■ THE DATA
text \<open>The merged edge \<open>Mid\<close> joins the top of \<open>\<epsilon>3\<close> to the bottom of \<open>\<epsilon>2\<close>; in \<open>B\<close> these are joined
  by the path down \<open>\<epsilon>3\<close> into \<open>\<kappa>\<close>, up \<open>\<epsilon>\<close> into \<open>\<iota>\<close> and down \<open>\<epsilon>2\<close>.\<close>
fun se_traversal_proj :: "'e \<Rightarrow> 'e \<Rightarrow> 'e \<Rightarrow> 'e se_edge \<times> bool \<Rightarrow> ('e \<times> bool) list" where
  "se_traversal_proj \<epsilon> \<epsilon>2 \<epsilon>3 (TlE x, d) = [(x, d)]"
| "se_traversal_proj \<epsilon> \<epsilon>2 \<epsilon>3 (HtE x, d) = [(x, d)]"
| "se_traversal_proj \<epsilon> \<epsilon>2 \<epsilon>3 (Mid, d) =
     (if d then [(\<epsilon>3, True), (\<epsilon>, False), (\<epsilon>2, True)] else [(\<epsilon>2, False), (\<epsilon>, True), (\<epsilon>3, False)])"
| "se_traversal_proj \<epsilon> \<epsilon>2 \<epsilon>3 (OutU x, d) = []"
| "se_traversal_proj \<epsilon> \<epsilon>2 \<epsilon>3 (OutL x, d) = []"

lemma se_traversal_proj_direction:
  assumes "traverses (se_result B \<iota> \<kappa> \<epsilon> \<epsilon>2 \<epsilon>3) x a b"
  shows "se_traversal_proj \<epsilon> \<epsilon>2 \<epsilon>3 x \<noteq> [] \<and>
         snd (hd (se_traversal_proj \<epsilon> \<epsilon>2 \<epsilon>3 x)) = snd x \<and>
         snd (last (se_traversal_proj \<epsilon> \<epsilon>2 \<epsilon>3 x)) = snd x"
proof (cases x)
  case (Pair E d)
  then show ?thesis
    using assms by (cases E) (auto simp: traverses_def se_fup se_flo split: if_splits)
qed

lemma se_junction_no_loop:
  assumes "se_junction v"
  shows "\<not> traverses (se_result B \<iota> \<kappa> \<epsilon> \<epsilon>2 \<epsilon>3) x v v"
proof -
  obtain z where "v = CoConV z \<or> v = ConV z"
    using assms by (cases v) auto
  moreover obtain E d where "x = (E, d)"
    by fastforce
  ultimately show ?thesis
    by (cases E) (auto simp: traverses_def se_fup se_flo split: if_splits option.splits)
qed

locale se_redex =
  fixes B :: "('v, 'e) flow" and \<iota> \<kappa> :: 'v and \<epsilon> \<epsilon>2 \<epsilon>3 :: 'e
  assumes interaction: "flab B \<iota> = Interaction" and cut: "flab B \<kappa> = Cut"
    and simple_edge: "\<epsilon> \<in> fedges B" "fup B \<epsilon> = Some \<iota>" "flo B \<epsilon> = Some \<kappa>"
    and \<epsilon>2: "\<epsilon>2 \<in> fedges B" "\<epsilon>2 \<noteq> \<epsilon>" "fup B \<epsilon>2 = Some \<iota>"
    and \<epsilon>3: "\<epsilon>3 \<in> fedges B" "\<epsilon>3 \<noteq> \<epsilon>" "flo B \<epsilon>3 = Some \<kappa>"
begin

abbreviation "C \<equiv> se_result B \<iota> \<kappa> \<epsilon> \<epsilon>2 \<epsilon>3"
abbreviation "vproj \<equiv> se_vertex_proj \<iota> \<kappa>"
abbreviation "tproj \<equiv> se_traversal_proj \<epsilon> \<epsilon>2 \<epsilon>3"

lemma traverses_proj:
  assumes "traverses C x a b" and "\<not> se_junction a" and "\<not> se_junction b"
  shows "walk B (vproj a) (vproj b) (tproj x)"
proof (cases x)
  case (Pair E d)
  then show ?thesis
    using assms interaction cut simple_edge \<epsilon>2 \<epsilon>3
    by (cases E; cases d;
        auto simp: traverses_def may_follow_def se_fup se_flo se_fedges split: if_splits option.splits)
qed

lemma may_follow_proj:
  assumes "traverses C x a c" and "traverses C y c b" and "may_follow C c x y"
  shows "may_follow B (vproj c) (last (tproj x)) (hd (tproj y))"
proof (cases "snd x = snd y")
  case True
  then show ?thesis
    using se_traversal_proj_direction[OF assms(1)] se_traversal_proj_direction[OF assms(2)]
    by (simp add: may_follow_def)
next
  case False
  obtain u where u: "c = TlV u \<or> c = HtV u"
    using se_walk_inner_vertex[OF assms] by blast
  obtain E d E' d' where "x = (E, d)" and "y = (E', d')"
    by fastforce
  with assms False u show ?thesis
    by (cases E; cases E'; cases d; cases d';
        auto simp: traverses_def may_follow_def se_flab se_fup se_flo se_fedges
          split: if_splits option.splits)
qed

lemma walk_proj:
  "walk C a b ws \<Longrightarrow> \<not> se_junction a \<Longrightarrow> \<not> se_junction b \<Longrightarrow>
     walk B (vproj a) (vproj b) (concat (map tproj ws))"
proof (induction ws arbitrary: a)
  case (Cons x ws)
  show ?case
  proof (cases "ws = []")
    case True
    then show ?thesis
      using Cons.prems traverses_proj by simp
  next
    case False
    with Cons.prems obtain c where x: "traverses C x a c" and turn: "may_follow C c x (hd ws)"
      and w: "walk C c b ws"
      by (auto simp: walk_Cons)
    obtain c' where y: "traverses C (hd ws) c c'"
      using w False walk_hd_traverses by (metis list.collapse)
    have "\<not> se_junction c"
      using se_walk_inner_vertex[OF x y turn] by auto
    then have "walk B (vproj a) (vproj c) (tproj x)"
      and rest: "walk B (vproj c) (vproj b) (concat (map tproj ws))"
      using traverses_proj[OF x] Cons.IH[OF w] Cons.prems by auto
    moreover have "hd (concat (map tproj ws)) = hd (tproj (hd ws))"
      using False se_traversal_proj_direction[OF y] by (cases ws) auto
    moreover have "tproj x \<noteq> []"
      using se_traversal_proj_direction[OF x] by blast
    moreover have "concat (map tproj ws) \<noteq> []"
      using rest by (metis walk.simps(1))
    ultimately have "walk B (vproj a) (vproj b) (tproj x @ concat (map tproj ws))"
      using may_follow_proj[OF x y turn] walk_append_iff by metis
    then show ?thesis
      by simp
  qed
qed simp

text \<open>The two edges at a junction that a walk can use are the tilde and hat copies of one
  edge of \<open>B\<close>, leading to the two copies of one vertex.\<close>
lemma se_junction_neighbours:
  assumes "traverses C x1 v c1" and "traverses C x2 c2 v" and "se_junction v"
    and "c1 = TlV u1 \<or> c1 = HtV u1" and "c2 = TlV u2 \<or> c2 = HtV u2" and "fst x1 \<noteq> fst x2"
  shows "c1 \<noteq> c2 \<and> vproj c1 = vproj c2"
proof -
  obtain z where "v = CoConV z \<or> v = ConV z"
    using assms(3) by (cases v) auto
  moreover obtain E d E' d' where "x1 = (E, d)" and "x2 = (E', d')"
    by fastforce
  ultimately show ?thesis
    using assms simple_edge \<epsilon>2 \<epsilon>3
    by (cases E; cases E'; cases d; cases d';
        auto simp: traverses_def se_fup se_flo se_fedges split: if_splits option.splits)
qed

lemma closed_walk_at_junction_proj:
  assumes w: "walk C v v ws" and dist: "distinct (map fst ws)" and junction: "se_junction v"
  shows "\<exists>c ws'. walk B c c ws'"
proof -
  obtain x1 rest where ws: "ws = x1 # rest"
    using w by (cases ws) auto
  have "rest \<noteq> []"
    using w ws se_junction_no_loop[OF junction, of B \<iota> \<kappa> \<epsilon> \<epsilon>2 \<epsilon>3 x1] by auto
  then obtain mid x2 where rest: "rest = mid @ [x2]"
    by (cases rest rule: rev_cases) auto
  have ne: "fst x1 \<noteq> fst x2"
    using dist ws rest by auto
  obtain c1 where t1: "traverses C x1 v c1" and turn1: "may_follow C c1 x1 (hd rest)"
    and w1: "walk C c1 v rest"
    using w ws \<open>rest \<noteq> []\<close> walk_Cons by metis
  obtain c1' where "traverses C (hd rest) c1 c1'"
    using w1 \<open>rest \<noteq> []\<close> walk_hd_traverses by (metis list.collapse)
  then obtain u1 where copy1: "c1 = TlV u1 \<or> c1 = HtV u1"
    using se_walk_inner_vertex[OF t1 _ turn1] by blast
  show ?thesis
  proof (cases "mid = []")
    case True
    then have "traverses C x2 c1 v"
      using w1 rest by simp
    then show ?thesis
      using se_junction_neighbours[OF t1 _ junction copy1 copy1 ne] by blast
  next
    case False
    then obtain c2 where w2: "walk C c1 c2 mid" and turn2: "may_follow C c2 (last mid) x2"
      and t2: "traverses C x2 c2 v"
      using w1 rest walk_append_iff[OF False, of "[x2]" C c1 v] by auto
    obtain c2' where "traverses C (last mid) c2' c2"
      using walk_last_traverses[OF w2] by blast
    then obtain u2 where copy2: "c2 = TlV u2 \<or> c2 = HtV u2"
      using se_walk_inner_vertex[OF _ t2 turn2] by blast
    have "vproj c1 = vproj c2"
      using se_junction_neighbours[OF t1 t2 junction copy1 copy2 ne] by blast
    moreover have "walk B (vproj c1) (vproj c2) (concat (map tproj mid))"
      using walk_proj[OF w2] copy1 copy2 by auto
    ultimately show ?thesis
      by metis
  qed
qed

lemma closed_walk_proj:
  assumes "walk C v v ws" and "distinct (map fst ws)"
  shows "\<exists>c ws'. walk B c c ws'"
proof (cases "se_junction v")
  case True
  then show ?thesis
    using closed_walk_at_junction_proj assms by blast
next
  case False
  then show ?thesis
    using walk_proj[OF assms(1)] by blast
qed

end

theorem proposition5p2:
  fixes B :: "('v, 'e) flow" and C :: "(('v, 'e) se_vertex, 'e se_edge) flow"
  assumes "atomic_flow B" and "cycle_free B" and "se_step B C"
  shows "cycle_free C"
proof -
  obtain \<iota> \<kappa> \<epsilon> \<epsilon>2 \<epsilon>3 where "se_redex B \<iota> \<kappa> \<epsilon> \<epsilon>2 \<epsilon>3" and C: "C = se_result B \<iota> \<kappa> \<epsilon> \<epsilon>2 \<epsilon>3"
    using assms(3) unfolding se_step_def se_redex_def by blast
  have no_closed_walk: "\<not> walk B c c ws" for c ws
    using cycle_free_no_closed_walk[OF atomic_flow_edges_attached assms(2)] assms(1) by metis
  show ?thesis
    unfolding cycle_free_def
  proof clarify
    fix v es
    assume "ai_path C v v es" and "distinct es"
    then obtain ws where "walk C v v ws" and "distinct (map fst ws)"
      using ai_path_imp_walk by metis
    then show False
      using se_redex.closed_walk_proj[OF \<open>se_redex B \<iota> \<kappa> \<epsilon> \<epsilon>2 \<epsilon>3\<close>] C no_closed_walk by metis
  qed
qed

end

■ WHAT THE EXERCISE ASKS
Check the lines above and copy each one that includes "Some".

■ SOLUTION
    and simple_edge: "\<epsilon> \<in> fedges B" "fup B \<epsilon> = Some \<iota>" "flo B \<epsilon> = Some \<kappa>"
    and \<epsilon>2: "\<epsilon>2 \<in> fedges B" "\<epsilon>2 \<noteq> \<epsilon>" "fup B \<epsilon>2 = Some \<iota>"
    and \<epsilon>3: "\<epsilon>3 \<in> fedges B" "\<epsilon>3 \<noteq> \<epsilon>" "flo B \<epsilon>3 = Some \<kappa>"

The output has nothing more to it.